2. That said, what we witnessed on C-SPAN last night in Urbandale was not necessarily representative of what happened in the other 1773 precincts. The decision by the chair there to allocate the delegates proportionally was his. They put it to a vote and moved on without comment. But that was misleading. There is nothing in the rule of the Iowa Republican Party that requires that. That fact alone leads me to believe that the Paul folks may have been able to hang around in some precincts and dominate the allocation process.

One final note: None of the 28 delegates from Iowa go to the convention in Tampa bound to anyone candidate.

Seth Masket said...

The decision by the chair there to allocate the delegates proportionally was his. They put it to a vote and moved on without comment. But that was misleading. There is nothing in the rule of the Iowa Republican Party that requires that.

Thanks, Josh. This is an important point. I wonder how typical Urbandale was.

Josh Putnam said...

That is a great unknown.

I would guess that Urbandale was typical for Romney precincts. But Paul precincts may have been different. Relatedly,, it would be nice to have one other piece of information: preference of precinct chairs. Again, this is a guess, but I suspect the underlying method of county convention allocation would correlate pretty highly with that.

cwxj415@hotmail.com said...

You are correct about the non-binding nature of the County Convention delegates.

In 1984, at the County Caucus I was elected to the District Caucus as a McGovern delegate. But McGovern dropped out prior to the District caucus, and so I became "uncommitted". Eventually, I supported Mondale - although I still cannot remember why!

Seth Masket said...

Wow, a McGovern delegate in '84? How many of there were you?

Andrew Oh-Willeke said...

Another important distinction pertinent to a caucus like Iowa's is that it involves the maximum stakes, in a highly stable, high political capital state, and even then is only interesting in states with open seats.
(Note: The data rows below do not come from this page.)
lemma regular_taste_integrable_const: "regular_taste M \<Longrightarrow> integrable M (\<lambda>_. c::real)"
  using regular_taste_prob_space prob_space.finite_measure finite_measure.integrable_const by blast

lemma integrable_max_payoff:
  assumes M: "regular_taste M" shows "integrable M (max_payoff u)"
proof (rule Bochner_Integration.integrable_bound[where f="\<lambda>e. l1_norm u + max_abs e"])
  show "integrable M (\<lambda>e. l1_norm u + max_abs e)"
    using M unfolding regular_taste_def
    by (intro Bochner_Integration.integrable_add regular_taste_integrable_const[OF M]) simp
  show "max_payoff u \<in> borel_measurable M"
    by (rule regular_taste_measurable[OF M max_payoff_measurable])
  show "AE e in M. norm (max_payoff u e) \<le> norm (l1_norm u + max_abs e)"
  proof (rule AE_I2)
    fix e :: "real^('a option)"
    have "0 \<le> l1_norm u + max_abs e" using max_abs_ge[of e None] l1_norm_nonneg[of u] by linarith
    then show "norm (max_payoff u e) \<le> norm (l1_norm u + max_abs e)"
      using max_payoff_abs_le[of u e] by simp
  qed
qed

lemma emax_lipschitz:
  assumes M: "regular_taste M" shows "\<bar>emax M u - emax M u'\<bar> \<le> l1_norm (\<lambda>a. u a - u' a)"
proof -
  have "emax M u - emax M u' = (\<integral>e. max_payoff u e - max_payoff u' e \<partial>M)"
    unfolding emax_def using integrable_max_payoff[OF M] by simp
  also have "\<bar>\<dots>\<bar> \<le> (\<integral>e. \<bar>max_payoff u e - max_payoff u' e\<bar> \<partial>M)"
    by (rule integral_abs_bound)
  also have "\<dots> \<le> (\<integral>e. l1_norm (\<lambda>a. u a - u' a) \<partial>M)"
    by (rule integral_mono)
       (use integrable_max_payoff[OF M] regular_taste_integrable_const[OF M] max_payoff_lipschitz in auto)
  also have "\<dots> = l1_norm (\<lambda>a. u a - u' a)"
    using prob_space.prob_space[OF regular_taste_prob_space[OF M]] by simp
  finally show ?thesis .
qed

lemma emax_convex:
  assumes M: "regular_taste M" and "0 \<le> s" "s \<le> 1"
  shows "emax M (\<lambda>a. (1 - s) * u a + s * u' a) \<le> (1 - s) * emax M u + s * emax M u'"
proof -
  have "emax M (\<lambda>a. (1 - s) * u a + s * u' a) \<le> (\<integral>e. (1 - s) * max_payoff u e + s * max_payoff u' e \<partial>M)"
    unfolding emax_def
    by (rule integral_mono) (use integrable_max_payoff[OF M] max_payoff_convex assms in auto)
  also have "\<dots> = (1 - s) * emax M u + s * emax M u'"
    unfolding emax_def using integrable_max_payoff[OF M] by simp
  finally show ?thesis .
qed

lemma emax_lower_bound:
  assumes M: "regular_taste M"
  shows "max 0 (u a) - (\<integral>e. max_abs e \<partial>M) \<le> emax M u"
proof -
  have "ext_zero u z - (\<integral>e. max_abs e \<partial>M) \<le> emax M u" for z
  proof -
    have "ext_zero u z - max_abs e \<le> max_payoff u e" for e
      using max_payoff_ge[of u z e] max_abs_ge[of e z] by linarith
    then have "(\<integral>e. ext_zero u z - max_abs e \<partial>M) \<le> emax M u"
      unfolding emax_def using M integrable_max_payoff[OF M] regular_taste_integrable_const[OF M]
      by (intro integral_mono) (auto simp: regular_taste_def)
    then show ?thesis
      using M regular_taste_integrable_const[OF M] prob_space.prob_space[OF regular_taste_prob_space[OF M]]
      by (simp add: regular_taste_def)
  qed
  from this[of None] this[of "Some a"] show ?thesis by (simp add: ext_zero_def)
qed

text \<open>Ties between two alternatives lie on a hyperplane, which is Lebesgue-null.\<close>
lemma AE_no_tie:
  assumes M: "regular_taste M" and "a \<noteq> b"
  shows "AE e in M. e $ a + c \<noteq> e $ b"
proof -
  let ?w = "axis a (1::real) - axis b 1"
  have "?w \<noteq> 0"
    using assms(2) by (metis axis_eq_axis eq_iff_diff_eq_0 zero_neq_one)
  then have "negligible {e. ?w \<bullet> e = - c}" using negligible_hyperplane by blast
  then have "{e. ?w \<bullet> e = - c} \<in> null_sets lborel"
    using closed_hyperplane negligible_iff_null_sets null_sets_completion_iff
    by (metis borel_closed sets_lborel)
  then have "AE e in lborel. e $ a + c \<noteq> e $ b"
    by (rule AE_not_in[THEN AE_mp]) (auto simp: inner_diff_left inner_axis')
  moreover have "absolutely_continuous lborel M" "sets M = sets lborel"
    using M unfolding regular_taste_def full_support_ac_def by auto
  ultimately show ?thesis using absolutely_continuous_AE by blast
qed

lemma AE_unique_choice:
  assumes M: "regular_taste M" shows "AE e in M. \<exists>z. e \<in> choice_set u z"
proof -
  have "AE e in M. \<forall>p\<in>{p. fst p \<noteq> snd p}.
          e $ fst p + (ext_zero u (fst p) - ext_zero u (snd p)) \<noteq> e $ snd p"
    by (rule AE_finite_allI) (use AE_no_tie[OF M] in auto)
  then show ?thesis
  proof (rule AE_mp, intro AE_I2 impI)
    fix e assume no_tie: "\<forall>p\<in>{p. fst p \<noteq> snd p}.
          e $ fst p + (ext_zero u (fst p) - ext_zero u (snd p)) \<noteq> e $ snd p"
    obtain z where z: "max_payoff u e = ext_zero u z + e $ z" by (rule max_payoff_attained)
    have "e \<in> choice_set u z"
      unfolding choice_set_def
    proof (intro CollectI allI impI)
      fix w assume "w \<noteq> z"
      with no_tie have "ext_zero u w + e $ w \<noteq> ext_zero u z + e $ z" by force
      with max_payoff_ge[of u w e] z show "ext_zero u w + e $ w < ext_zero u z + e $ z" by simp
    qed
    then show "\<exists>z. e \<in> choice_set u z" by blast
  qed
qed

definition step :: "nat \<Rightarrow> real" where "step k = 1 / real (Suc k)"

lemma step_pos: "0 < step k"
  unfolding step_def by simp

lemma step_le_1: "step k \<le> 1"
  unfolding step_def by simp

lemma step_tendsto_0: "step \<longlonglongrightarrow> 0"
  unfolding step_def using LIMSEQ_inverse_real_of_nat by (simp add: inverse_eq_divide)

lemma max_payoff_diff_quotient:
  assumes e: "e \<in> choice_set u z"
  shows "\<forall>\<^sub>F k in sequentially. (max_payoff (\<lambda>a. u a + step k * v a) e - max_payoff u e) / step k
           = ext_zero v z"
proof -
  have "\<forall>\<^sub>F k in sequentially. \<forall>w. w \<noteq> z \<longrightarrow>
          ext_zero u w + e $ w + 2 * step k * l1_norm v < ext_zero u z + e $ z"
  proof (rule eventually_all_finite, cases)
    fix w assume "w \<noteq> z"
    then have "0 < ext_zero u z + e $ z - (ext_zero u w + e $ w)" using e unfolding choice_set_def by auto
    moreover have "(\<lambda>k. 2 * step k * l1_norm v) \<longlonglongrightarrow> 2 * 0 * l1_norm v"
      by (intro tendsto_intros step_tendsto_0)
    ultimately have "\<forall>\<^sub>F k in sequentially. 2 * step k * l1_norm v < ext_zero u z + e $ z - (ext_zero u w + e $ w)"
      by (simp add: order_tendstoD(2))
    then show "\<forall>\<^sub>F k in sequentially. w \<noteq> z \<longrightarrow>
          ext_zero u w + e $ w + 2 * step k * l1_norm v < ext_zero u z + e $ z"
      by eventually_elim auto
  qed simp
  then show ?thesis
  proof eventually_elim
    case (elim k)
    then have "max_payoff (\<lambda>a. u a + step k * v a) e = ext_zero u z + step k * ext_zero v z + e $ z"
      using max_payoff_perturb[OF less_imp_le[OF step_pos]] by (simp add: ext_zero_lin)
    with max_payoff_on_choice_set[OF e] step_pos[of k] show ?case by simp
  qed
qed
Yet, with all of that at stake, it still produced just 120,000 votes cast - a single digit percentage of eligible participants. The stakes are lower, the information shortage is less acute, and the conditions are less favorable to a caucus system in most other states, at least at the Presidential level.
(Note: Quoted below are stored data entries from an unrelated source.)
definition lab :: "('l, 'x) sys \<Rightarrow> 'l set" where "lab s = ins s \<union> outs s"

definition wf_sys :: "('l, 'x) sys \<Rightarrow> bool" where
  "wf_sys s \<longleftrightarrow> finite (ins s) \<and> finite (outs s) \<and> ins s \<inter> outs s = {} \<and>
     (\<forall>x. dom x = ins s \<longrightarrow> dom (fn s x) = outs s) \<and>
     (\<forall>x. dom x \<noteq> ins s \<longrightarrow> fn s x = Map.empty)"

definition Fix :: "('l, 'x) sys \<Rightarrow> 'l \<Rightarrow> 'l \<Rightarrow> ('l \<rightharpoonup> 'x) \<Rightarrow> 'x set" where
  "Fix s i ou x = {v. fn s (x(i \<mapsto> v)) ou = Some v}"

definition par :: "('l, 'x) sys \<Rightarrow> ('l, 'x) sys \<Rightarrow> ('l, 'x) sys" where
  "par s1 s2 = (ins s1 \<union> ins s2, outs s1 \<union> outs s2,
     \<lambda>x. if dom x = ins s1 \<union> ins s2
         then fn s1 (x |` ins s1) ++ fn s2 (x |` ins s2) else Map.empty)"

type_synonym ('l, 'x) fpsel = "('l, 'x) sys \<Rightarrow> 'l \<Rightarrow> 'l \<Rightarrow> ('l \<rightharpoonup> 'x) \<Rightarrow> 'x"

definition conn :: "('l, 'x) fpsel \<Rightarrow> 'l \<Rightarrow> 'l \<Rightarrow> ('l, 'x) sys \<Rightarrow> ('l, 'x) sys" where
  "conn \<phi> i ou s = (ins s - {i}, outs s - {ou},
     \<lambda>x. if dom x = ins s - {i}
         then fn s (x(i \<mapsto> \<phi> s i ou x)) |` (outs s - {ou}) else Map.empty)"

text \<open>\<Gamma>(s) is represented as a set of ordered pairs (i,ou) with i an input and ou an output of s;
  since inputs and outputs of s are disjoint this is the same as the unordered pair {i,o}.\<close>
definition valid_fp :: "('l, 'x) sys set \<Rightarrow> (('l, 'x) sys \<Rightarrow> ('l \<times> 'l) set) \<Rightarrow> ('l, 'x) fpsel \<Rightarrow> bool" where
  "valid_fp S \<Gamma> \<phi> \<longleftrightarrow> (\<forall>s\<in>S. \<forall>(i, ou)\<in>\<Gamma> s. \<forall>x. dom x = ins s - {i} \<longrightarrow> \<phi> s i ou x \<in> Fix s i ou x)"

definition functional_system_algebra ::
  "('l, 'x) sys set \<Rightarrow> (('l, 'x) sys \<Rightarrow> ('l \<times> 'l) set) \<Rightarrow> ('l, 'x) fpsel \<Rightarrow> bool" where
  "functional_system_algebra S \<Gamma> \<phi> \<longleftrightarrow>
     (\<forall>s\<in>S. wf_sys s) \<and>
     (\<forall>s\<in>S. \<Gamma> s \<subseteq> ins s \<times> outs s) \<and>
     (\<forall>s\<in>S. \<forall>(i, ou)\<in>\<Gamma> s. \<forall>x. dom x = ins s - {i} \<longrightarrow> Fix s i ou x \<noteq> {}) \<and>
     valid_fp S \<Gamma> \<phi> \<and>
     (\<forall>s1\<in>S. \<forall>s2\<in>S. lab s1 \<inter> lab s2 = {} \<longrightarrow> par s1 s2 \<in> S) \<and>
     (\<forall>s\<in>S. \<forall>(i, ou)\<in>\<Gamma> s. conn \<phi> i ou s \<in> S) \<and>
     (\<forall>s1\<in>S. \<forall>s2\<in>S. lab s1 \<inter> lab s2 = {} \<longrightarrow>
        (\<forall>i ou. i \<in> lab s1 \<and> ou \<in> lab s1 \<longrightarrow> ((i, ou) \<in> \<Gamma> (par s1 s2) \<longleftrightarrow> (i, ou) \<in> \<Gamma> s1)) \<and>
        (\<forall>i ou. i \<in> lab s2 \<and> ou \<in> lab s2 \<longrightarrow> ((i, ou) \<in> \<Gamma> (par s1 s2) \<longleftrightarrow> (i, ou) \<in> \<Gamma> s2)))"

definition consistent_fp :: "('l, 'x) sys set \<Rightarrow> (('l, 'x) sys \<Rightarrow> ('l \<times> 'l) set) \<Rightarrow> ('l, 'x) fpsel \<Rightarrow> bool" where
  "consistent_fp S \<Gamma> \<phi> \<longleftrightarrow>
     (\<forall>s\<in>S. \<forall>s'\<in>S. \<forall>i ou. (i, ou) \<in> \<Gamma> s \<and> (i, ou) \<in> \<Gamma> s' \<longrightarrow>
        (\<forall>x x'. dom x = ins s - {i} \<and> dom x' = ins s' - {i} \<and> Fix s i ou x = Fix s' i ou x'
            \<longrightarrow> \<phi> s i ou x = \<phi> s' i ou x'))"

text \<open>Consistently chosen fixed points: some selection \<phi>' yields the same algebra
  (same \<gamma>; \<lambda>, ||, \<Gamma> do not depend on \<phi>) and is consistent.\<close>
definition has_consistent_fp :: "('l, 'x) sys set \<Rightarrow> (('l, 'x) sys \<Rightarrow> ('l \<times> 'l) set) \<Rightarrow> ('l, 'x) fpsel \<Rightarrow> bool" where
  "has_consistent_fp S \<Gamma> \<phi> \<longleftrightarrow>
     (\<exists>\<phi>'. valid_fp S \<Gamma> \<phi>' \<and> (\<forall>s\<in>S. \<forall>(i, ou)\<in>\<Gamma> s. conn \<phi>' i ou s = conn \<phi> i ou s) \<and>
          consistent_fp S \<Gamma> \<phi>')"

definition permits_reordering ::
  "('l, 'x) sys set \<Rightarrow> (('l, 'x) sys \<Rightarrow> ('l \<times> 'l) set) \<Rightarrow> ('l \<Rightarrow> 'l \<Rightarrow> ('l, 'x) sys \<Rightarrow> ('l, 'x) sys) \<Rightarrow> bool" where
  "permits_reordering S \<Gamma> \<gamma> \<longleftrightarrow>
     (\<forall>s\<in>S. \<forall>(i, ou)\<in>\<Gamma> s. \<forall>(i', ou')\<in>\<Gamma> (\<gamma> i ou s). (i', ou') \<in> \<Gamma> s \<and> (i, ou) \<in> \<Gamma> (\<gamma> i' ou' s))"

definition connection_order_invariant ::
  "('l, 'x) sys set \<Rightarrow> (('l, 'x) sys \<Rightarrow> ('l \<times> 'l) set) \<Rightarrow> ('l \<Rightarrow> 'l \<Rightarrow> ('l, 'x) sys \<Rightarrow> ('l, 'x) sys) \<Rightarrow> bool" where
  "connection_order_invariant S \<Gamma> \<gamma> \<longleftrightarrow>
     permits_reordering S \<Gamma> \<gamma> \<and>
     (\<forall>s\<in>S. \<forall>(i, ou)\<in>\<Gamma> s. \<forall>(i', ou')\<in>\<Gamma> (\<gamma> i ou s). \<gamma> i' ou' (\<gamma> i ou s) = \<gamma> i ou (\<gamma> i' ou' s))"

definition composition_order_invariant ::
  "('l, 'x) sys set \<Rightarrow> (('l, 'x) sys \<Rightarrow> ('l \<times> 'l) set) \<Rightarrow> ('l \<Rightarrow> 'l \<Rightarrow> ('l, 'x) sys \<Rightarrow> ('l, 'x) sys) \<Rightarrow> bool" where
  "composition_order_invariant S \<Gamma> \<gamma> \<longleftrightarrow>
     connection_order_invariant S \<Gamma> \<gamma> \<and>
     (\<forall>s1\<in>S. \<forall>s2\<in>S. \<forall>s3\<in>S. lab s1 \<inter> lab s2 = {} \<and> lab s1 \<inter> lab s3 = {} \<and> lab s2 \<inter> lab s3 = {}
        \<longrightarrow> par (par s1 s2) s3 = par s1 (par s2 s3)) \<and>
     (\<forall>s1\<in>S. \<forall>s2\<in>S. lab s1 \<inter> lab s2 = {} \<longrightarrow> par s1 s2 = par s2 s1) \<and>
     (\<forall>s1\<in>S. \<forall>s2\<in>S. lab s1 \<inter> lab s2 = {} \<longrightarrow>
        (\<forall>(i, ou)\<in>\<Gamma> s1. par (\<gamma> i ou s1) s2 = \<gamma> i ou (par s1 s2)))"

end

theory Submission
  imports Defs
begin

text \<open>Connection-order invariance is part of composition-order invariance, and associativity
  and commutativity of parallel composition hold for disjoint systems outright.  The only
  real content is \<open>\<gamma>\<^sub>i\<^sub>,\<^sub>o(s\<^sub>1) \<parallel> s\<^sub>2 = \<gamma>\<^sub>i\<^sub>,\<^sub>o(s\<^sub>1 \<parallel> s\<^sub>2)\<close>.  Both sides feed back the same output into
  the same input; since \<open>s\<^sub>2\<close> does not touch \<open>o\<close>, the fixed-point sets of \<open>s\<^sub>1 \<parallel> s\<^sub>2\<close> and of \<open>s\<^sub>1\<close>
  coincide, so a consistent selection picks the same fixed point on both sides.  Replacing the
  given selection by a consistent one does not change the connections.\<close>

lemma sys_sel [simp]: "ins (a, b, c) = a" "outs (a, b, c) = b" "fn (a, b, c) = c"
  by (simp_all add: ins_def outs_def fn_def)

lemma sys_eqI: "ins s = ins t \<Longrightarrow> outs s = outs t \<Longrightarrow> fn s = fn t \<Longrightarrow> s = t"
  by (simp add: ins_def outs_def fn_def prod_eq_iff)

lemma wf_sys_dom_fn: "wf_sys s \<Longrightarrow> dom x = ins s \<Longrightarrow> dom (fn s x) = outs s"
  by (simp add: wf_sys_def)

lemma ins_par [simp]: "ins (par s1 s2) = ins s1 \<union> ins s2"
  and outs_par [simp]: "outs (par s1 s2) = outs s1 \<union> outs s2"
  by (simp_all add: par_def)

lemma fn_par: "fn (par s1 s2) x = (if dom x = ins s1 \<union> ins s2
    then fn s1 (x |` ins s1) ++ fn s2 (x |` ins s2) else Map.empty)"
  by (simp add: par_def)

lemma par_assoc: "par (par s1 s2) s3 = par s1 (par s2 s3)"
proof (rule sys_eqI)
  show "fn (par (par s1 s2) s3) = fn (par s1 (par s2 s3))"
  proof
    fix x
    show "fn (par (par s1 s2) s3) x = fn (par s1 (par s2 s3)) x"
    proof (cases "dom x = ins s1 \<union> ins s2 \<union> ins s3")
      case True
      then have "dom (x |` (ins s1 \<union> ins s2)) = ins s1 \<union> ins s2"
        and "dom (x |` (ins s2 \<union> ins s3)) = ins s2 \<union> ins s3" by auto
      with True show ?thesis
        by (simp add: fn_par Un_assoc restrict_restrict Int_absorb2)
    qed (simp add: fn_par Un_assoc)
  qed
qed (simp_all add: Un_assoc)

lemma par_comm:
  assumes "wf_sys s1" "wf_sys s2" "lab s1 \<inter> lab s2 = {}"
  shows "par s1 s2 = par s2 s1"
proof (rule sys_eqI)
  show "fn (par s1 s2) = fn (par s2 s1)"
  proof
    fix x
    show "fn (par s1 s2) x = fn (par s2 s1) x"
    proof (cases "dom x = ins s1 \<union> ins s2")
      case True
      then have "dom (fn s1 (x |` ins s1)) = outs s1" "dom (fn s2 (x |` ins s2)) = outs s2"
        using assms(1,2) by (simp_all add: wf_sys_dom_fn)
      moreover have "outs s1 \<inter> outs s2 = {}" using assms(3) by (auto simp: lab_def)
      ultimately show ?thesis
        using True by (simp add: fn_par Un_commute map_add_comm[of "fn s1 (x |` ins s1)"])
    qed (simp add: fn_par Un_commute)
  qed
qed (simp_all add: Un_commute)

lemma ins_conn [simp]: "ins (conn \<psi> i ou s) = ins s - {i}"
  and outs_conn [simp]: "outs (conn \<psi> i ou s) = outs s - {ou}"
  by (simp_all add: conn_def)

lemma fn_conn: "fn (conn \<psi> i ou s) x = (if dom x = ins s - {i}
    then fn s (x(i \<mapsto> \<psi> s i ou x)) |` (outs s - {ou}) else Map.empty)"
  by (simp add: conn_def)

lemma restrict_map_add_left:
  assumes "dom f = A" "dom g = B" "A \<inter> B = {}" "ou \<notin> B"
  shows "f |` (A - {ou}) ++ g = (f ++ g) |` (A \<union> B - {ou})"
proof
  fix l
  show "(f |` (A - {ou}) ++ g) l = ((f ++ g) |` (A \<union> B - {ou})) l"
    using assms by (cases "l \<in> B"; cases "l \<in> A";
        auto simp: map_add_def restrict_map_def split: option.splits)
qed

lemma par_conn:
  assumes wf1: "wf_sys s1" and wf2: "wf_sys s2" and disj: "lab s1 \<inter> lab s2 = {}"
    and io: "i \<in> ins s1" "ou \<in> outs s1"
    and sel: "\<And>x. dom x = ins s1 \<union> ins s2 - {i} \<Longrightarrow>
               \<psi> (par s1 s2) i ou x = \<psi> s1 i ou (x |` (ins s1 - {i}))"
  shows "par (conn \<psi> i ou s1) s2 = conn \<psi> i ou (par s1 s2)"
proof -
  have notin2: "i \<notin> ins s2" "ou \<notin> outs s2" using disj io by (auto simp: lab_def)
  have ins_eq: "ins s1 - {i} \<union> ins s2 = ins s1 \<union> ins s2 - {i}" using notin2 by auto
  have outs_disj: "outs s1 \<inter> outs s2 = {}" using disj by (auto simp: lab_def)
  have "fn (par (conn \<psi> i ou s1) s2) x = fn (conn \<psi> i ou (par s1 s2)) x" for x
  proof (cases "dom x = ins s1 \<union> ins s2 - {i}")
    case True
    define y where "y = x |` (ins s1 - {i})"
    define v where "v = \<psi> s1 i ou y"
    have dom_y: "dom y = ins s1 - {i}" using True by (auto simp: y_def)
    then have "dom (y(i \<mapsto> v)) = ins s1" using io by auto
    with wf1 have dom1: "dom (fn s1 (y(i \<mapsto> v))) = outs s1" by (rule wf_sys_dom_fn)
    have "dom (x |` ins s2) = ins s2" using True notin2 by auto
    with wf2 have dom2: "dom (fn s2 (x |` ins s2)) = outs s2" by (rule wf_sys_dom_fn)
    have "x(i \<mapsto> v) |` ins s1 = y(i \<mapsto> v)"
      using io by (auto simp: y_def restrict_map_def fun_eq_iff)
    moreover have "x(i \<mapsto> v) |` ins s2 = x |` ins s2"
      using notin2 by (auto simp: restrict_map_def fun_eq_iff)
    moreover have "dom (x(i \<mapsto> v)) = ins s1 \<union> ins s2" using True io by auto
    ultimately have "fn (par s1 s2) (x(i \<mapsto> v)) = fn s1 (y(i \<mapsto> v)) ++ fn s2 (x |` ins s2)"
      by (simp add: fn_par)
    moreover have "\<psi> (par s1 s2) i ou x = v" using sel[OF True] by (simp add: v_def y_def)
    ultimately have "fn (conn \<psi> i ou (par s1 s2)) x
        = (fn s1 (y(i \<mapsto> v)) ++ fn s2 (x |` ins s2)) |` (outs s1 \<union> outs s2 - {ou})"
      using True by (simp add: fn_conn)
    also have "\<dots> = fn s1 (y(i \<mapsto> v)) |` (outs s1 - {ou}) ++ fn s2 (x |` ins s2)"
      using restrict_map_add_left[OF dom1 dom2 outs_disj notin2(2)] by simp
    also have "\<dots> = fn (par (conn \<psi> i ou s1) s2) x"
      using True ins_eq dom_y by (simp add: fn_par fn_conn v_def y_def[symmetric])
    finally show ?thesis ..
  qed (simp add: fn_par fn_conn ins_eq)
  then show ?thesis
    using ins_eq notin2 by (intro sys_eqI) auto
qed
The best reason for a caucus is that it allows voters to get information which is scarce about low profile candidates and low profile races. Presidential races are never low profile, and there are no low profile candidates left after the first two or three rounds of the Presidential nomination process. So, beyond that, the Presidential nomination race is a horrible place to use a caucus system because it disenfranchises 90% of people who might have participated by other means, and provides little in the way of countervening benefits.

Also, there are far more ways to complain about a causus process and far more room for error in one, than in a highly stylized and scriped primary voting process. Machines are better at counting than people of any demographic description.

Andrew Oh-Willeke said...

Given recent events that show that the vote count was screwed up the first time in Iowa, I really think that you ought to retract your title or at least make a counterpart posting entitled "White Men Can't Count."